I have not tried it with Publish. I tried it with IIS Express in Visual Studio 2022, as I am in early development, and I need it to work as I develop.

This was the hard part about implementing this. Lots of trial and error getting the Browser's debugger, Sources tab to show what it should.

bundleVars.RootSourcePath: "" bundleVars.BuilderPath: builder.Environment.ContentRootPath;

        pipeline.AddCssBundle(bundleVars.KendoCssBundle,
            new CssSettings() { MinifyExpressions = bundleVars.IsDevelopment == false },
            $"{bundleVars.RootSourcePath}ci/Content/kendo/{bundleVars.KendoVersion}/kendo.common.min.css",
            $"{bundleVars.RootSourcePath}ci/Content/kendo/{bundleVars.KendoVersion}/kendo.common-bootstrap.min.css",
            $"{bundleVars.RootSourcePath}ci/Content/kendo/{bundleVars.KendoVersion}/kendo.bootstrap-v4.min.css")
            .UseFileProvider(new PhysicalFileProvider(bundleVars.BuilderPath));
lcichanowicz commented 1 year ago

Thanks a lot for sharing.
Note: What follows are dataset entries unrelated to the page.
lemma nn_integral_abs_diff_eiv_kernel_le:
  assumes "0 < \<sigma>" "0 < \<sigma>0" "0 < \<tau>" "0 < \<tau>0" "e < 1 / 2"
    and "3 * \<bar>\<sigma>\<^sup>2 - \<sigma>0\<^sup>2\<bar> / (2 * \<sigma>0\<^sup>2) \<le> e" "3 * \<bar>\<tau>\<^sup>2 - \<tau>0\<^sup>2\<bar> / (2 * \<tau>0\<^sup>2) \<le> e"
  shows "(\<integral>\<^sup>+w. ennreal \<bar>eiv_kernel \<alpha> \<beta> \<sigma> \<tau> z w - eiv_kernel \<alpha>0 \<beta>0 \<sigma>0 \<tau>0 z w\<bar> \<partial>lborel)
    \<le> ennreal (2 * e + \<bar>\<alpha> - \<alpha>0\<bar> / \<tau>0 + \<bar>\<beta> - \<beta>0\<bar> / \<tau>0 * \<bar>z\<bar>)"
proof -
  have e: "0 \<le> e"
    using assms(6) by (rule order_trans[rotated]) simp
  have "(\<alpha> + \<beta> * z) - (\<alpha>0 + \<beta>0 * z) = (\<alpha> - \<alpha>0) + (\<beta> - \<beta>0) * z"
    by (simp add: algebra_simps)
  then have "\<bar>(\<alpha> + \<beta> * z) - (\<alpha>0 + \<beta>0 * z)\<bar> \<le> \<bar>\<alpha> - \<alpha>0\<bar> + \<bar>\<beta> - \<beta>0\<bar> * \<bar>z\<bar>"
    using abs_triangle_ineq[of "\<alpha> - \<alpha>0" "(\<beta> - \<beta>0) * z"] by (simp add: abs_mult)
  then have shift: "\<bar>(\<alpha> + \<beta> * z) - (\<alpha>0 + \<beta>0 * z)\<bar> / \<tau>0 \<le> \<bar>\<alpha> - \<alpha>0\<bar> / \<tau>0 + \<bar>\<beta> - \<beta>0\<bar> / \<tau>0 * \<bar>z\<bar>"
    using assms(4) by (simp add: add_divide_distrib[symmetric] divide_right_mono)
  have "(\<integral>\<^sup>+w. ennreal \<bar>eiv_kernel \<alpha> \<beta> \<sigma> \<tau> z w - eiv_kernel \<alpha>0 \<beta>0 \<sigma>0 \<tau>0 z w\<bar> \<partial>lborel)
      \<le> ennreal (2 * (1 - min \<sigma> \<sigma>0 / max \<sigma> \<sigma>0)) + ennreal (2 * (1 - min \<tau> \<tau>0 / max \<tau> \<tau>0))
        + ennreal (\<bar>(\<alpha> + \<beta> * z) - (\<alpha>0 + \<beta>0 * z)\<bar> / \<tau>0)"
    unfolding eiv_kernel_def using assms(1-4) by (rule nn_integral_abs_diff_normal_pair)
  also have "\<dots> \<le> ennreal e + ennreal e + ennreal (\<bar>\<alpha> - \<alpha>0\<bar> / \<tau>0 + \<bar>\<beta> - \<beta>0\<bar> / \<tau>0 * \<bar>z\<bar>)"
    using two_one_minus_min_div_max_le[OF assms(1,2,6,5)] two_one_minus_min_div_max_le[OF assms(3,4,7,5)] shift
    by (intro add_mono ennreal_leI)
  also have "\<dots> = ennreal (2 * e + \<bar>\<alpha> - \<alpha>0\<bar> / \<tau>0 + \<bar>\<beta> - \<beta>0\<bar> / \<tau>0 * \<bar>z\<bar>)"
    using e assms(4) by (simp add: ennreal_plus[symmetric] del: ennreal_plus)
  finally show ?thesis .
qed

theorem mainTheorem9:
  fixes F0 :: "real measure" and \<alpha> \<alpha>0 \<beta> \<beta>0 \<sigma> \<sigma>0 \<tau> \<tau>0 \<epsilon> :: real
  assumes "prob_space F0" and "sets F0 = sets borel"
    and "integrable F0 (\<lambda>z. \<bar>z\<bar>)"
    and "\<sigma> > 0" "\<sigma>0 > 0" "\<tau> > 0" "\<tau>0 > 0" "\<epsilon> > 0"
    and "3 * \<bar>\<sigma>\<^sup>2 - \<sigma>0\<^sup>2\<bar> / (2 * \<sigma>0\<^sup>2) \<le> \<epsilon>"
    and "3 * \<bar>\<tau>\<^sup>2 - \<tau>0\<^sup>2\<bar> / (2 * \<tau>0\<^sup>2) \<le> \<epsilon>"
    and "\<bar>\<alpha> - \<alpha>0\<bar> / \<tau>0 \<le> \<epsilon>"
    and "\<bar>\<beta> - \<beta>0\<bar> / \<tau>0 * (\<integral>z. \<bar>z\<bar> \<partial>F0) \<le> \<epsilon>"
  shows "L1_dist (eiv_density \<alpha> \<beta> \<sigma> \<tau> F0) (eiv_density \<alpha>0 \<beta>0 \<sigma>0 \<tau>0 F0) \<le> ennreal (4 * \<epsilon>)"
proof -
  let ?D = "\<lambda>z. \<integral>\<^sup>+w. ennreal \<bar>eiv_kernel \<alpha> \<beta> \<sigma> \<tau> z w - eiv_kernel \<alpha>0 \<beta>0 \<sigma>0 \<tau>0 z w\<bar> \<partial>lborel"
  have "(\<integral>\<^sup>+z. ?D z \<partial>F0) \<le> ennreal (4 * \<epsilon>)"
  proof (cases "\<epsilon> < 1 / 2")
    case True
    let ?A = "\<bar>\<alpha> - \<alpha>0\<bar> / \<tau>0" and ?B = "\<bar>\<beta> - \<beta>0\<bar> / \<tau>0"
    have "(\<integral>\<^sup>+z. ?D z \<partial>F0) \<le> (\<integral>\<^sup>+z. ennreal (2 * \<epsilon> + ?A + ?B * \<bar>z\<bar>) \<partial>F0)"
      by (intro nn_integral_mono nn_integral_abs_diff_eiv_kernel_le assms(4-7,9,10) True)
    also have "\<dots> = ennreal (2 * \<epsilon> + ?A + ?B * (\<integral>z. \<bar>z\<bar> \<partial>F0))"
      by (rule nn_integral_const_add_abs[OF assms(1,3)]) (use assms(7,8) in auto)
    also have "\<dots> \<le> ennreal (4 * \<epsilon>)"
      using assms(11,12) by (intro ennreal_leI) linarith
    finally show ?thesis .
  next
    case False
    have "(\<integral>\<^sup>+z. ?D z \<partial>F0) \<le> (\<integral>\<^sup>+z. 2 \<partial>F0)"
      by (intro nn_integral_mono nn_integral_abs_diff_eiv_kernel_le_2 assms(4-7))
    also have "\<dots> \<le> ennreal (4 * \<epsilon>)"
      using False by (simp add: prob_space.emeasure_space_1[OF assms(1)] ennreal_leI)
    finally show ?thesis .
  qed
  with L1_dist_eiv_density_le[OF assms(1,2)] show ?thesis
    by (rule order_trans)
qed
I don't think that is affecting me. I am using CSS files in the standard wwwroot/css directory. You appear to be using Kendo UI, which probably complicates things.

lcichanowicz commented 1 year ago

Update: I got WebOptimizer working in .NET 6 Razor Pages. Effectively, I made no change; I just toggled between IIS Express and Kestrel. Now, it seems to work in both! :]
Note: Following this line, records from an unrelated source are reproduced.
lemma lqL_coeff_Suc:
  "(1 - q ^ (j + 1))\<^sup>2 * lqL_coeff m (j + 1) = (1 - lqL_eigenvalue m * q ^ j + q ^ (2 * j + 1)) * lqL_coeff m j"
proof -
  have "(1 - 1 / q ^ m * q ^ j) * (1 - q ^ (m + 1) * q ^ j) = 1 - lqL_eigenvalue m * q ^ j + q ^ (2 * j + 1)"
    unfolding lqL_eigenvalue_def using q_pos by (simp add: field_simps power_add power_mult power2_eq_square)
  moreover have "1 - q * q ^ j \<noteq> 0"
    using q_mult_power_less_1[of j] by linarith
  moreover have "lqL_coeff m (j + 1)
      = lqL_coeff m j * ((1 - 1 / q ^ m * q ^ j) * (1 - q ^ (m + 1) * q ^ j)) / (1 - q * q ^ j)\<^sup>2"
    unfolding lqL_coeff_def using qpoch_q_pos[of j] \<open>1 - q * q ^ j \<noteq> 0\<close>
    by (simp add: qpoch_Suc field_simps power2_eq_square)
  ultimately show ?thesis
    by simp
qed

lemma lqL_poly_q_difference:
  "lqL_poly m w - 2 * lqL_poly m (q * w) + lqL_poly m (q\<^sup>2 * w)
     = w * (lqL_poly m w - lqL_eigenvalue m * lqL_poly m (q * w) + q * lqL_poly m (q\<^sup>2 * w))"
proof -
  have padded: "lqL_poly m v = (\<Sum>j\<le>m + 1. lqL_coeff m j * v ^ j)" for v
    by (rule lqL_poly_eq_sum) simp
  have "lqL_poly m w - 2 * lqL_poly m (q * w) + lqL_poly m (q\<^sup>2 * w)
      = (\<Sum>j\<le>m + 1. lqL_coeff m j * (1 - q ^ j)\<^sup>2 * w ^ j)"
    unfolding padded
    by (simp add: sum_distrib_left sum_subtractf[symmetric] sum.distrib[symmetric] power_mult_distrib
        algebra_simps power2_eq_square)
  also have "\<dots> = (\<Sum>j\<le>m. lqL_coeff m (j + 1) * (1 - q ^ (j + 1))\<^sup>2 * w ^ (j + 1))"
    by (simp add: sum.atMost_Suc_shift del: sum.atMost_Suc)
  also have "\<dots> = (\<Sum>j\<le>m. (1 - lqL_eigenvalue m * q ^ j + q ^ (2 * j + 1)) * lqL_coeff m j * w ^ (j + 1))"
    using lqL_coeff_Suc by (simp add: mult.commute)
  also have "\<dots> = w * (\<Sum>j\<le>m. lqL_coeff m j * w ^ j - lqL_eigenvalue m * (lqL_coeff m j * (q * w) ^ j)
      + q * (lqL_coeff m j * (q\<^sup>2 * w) ^ j))"
    unfolding sum_distrib_left
    by (intro sum.cong) (simp_all add: algebra_simps power_mult_distrib power2_eq_square power_add power_mult)
  also have "\<dots> = w * (lqL_poly m w - lqL_eigenvalue m * lqL_poly m (q * w) + q * lqL_poly m (q\<^sup>2 * w))"
    unfolding lqL_poly_def by (simp add: sum.distrib sum_subtractf sum_distrib_left)
  finally show ?thesis .
qed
sur1969 commented 1 year ago

We had the same problem with .net 7 projects, so we wrote our own using gulp and a tag helper. Feel free to use it although it does require some initial setup:

https://github.com/sur1969/BundleMinify

LuohuaRain commented 1 year ago

Hi.

For us it's working (published via dotnet publish and in VS) with the following setup:

  1. Adding AddJavaScriptBundle() and AddBundle()(for css) without specifiying the FileProvider and pre-building a list of available files from the IWebHostEnvironment.WebRootFileProvider.
  2. Not only using app.UseWebOptimizer() (which does not work) but providing the IWebHostEnvironment explicitly as a parameter. This looks something like this:
public void Configure(IApplicationBuilder app, IWebHostEnvironment env)
{
    // Do your stuff here
    app.UseWebOptimizer(env);
    // Do more stuff
}

I don't know why it's working but it's currently working for me. So shrug. HTH someone.

Sidenote: If you use WebOptimizer to bundle js-files for e.g. Blazor WASM (what we do) you have to exclude the dotnet.7.*.js file from the bundling output. Otherwise I always got a corrupt js-file generated which did not work.

It works, thank you. And may I ask how to avoid this warning?

warn: WebOptimizer.AssetBuilder[1005]
      File '/_framework/blazor.server.js' not found. Passing on to next middleware.
MondQ commented 1 year ago

I had an issue with CSS bundles not working in .NET 6. The solution was to use AddBundle instead of AddCssBundle

Before:

pipeline.AddCssBundle(
  "/Content/sass/bundled",
  "Content/sass/bundled.css")
.UseContentRoot();

After:

pipeline.AddBundle(
    "/Content/sass/bundled",
    "text/css; charset=UTF-8",
    "Content/sass/Bundled.css")
.UseContentRoot();
vishalshivan commented 7 months ago

its not working with .net8 for js files.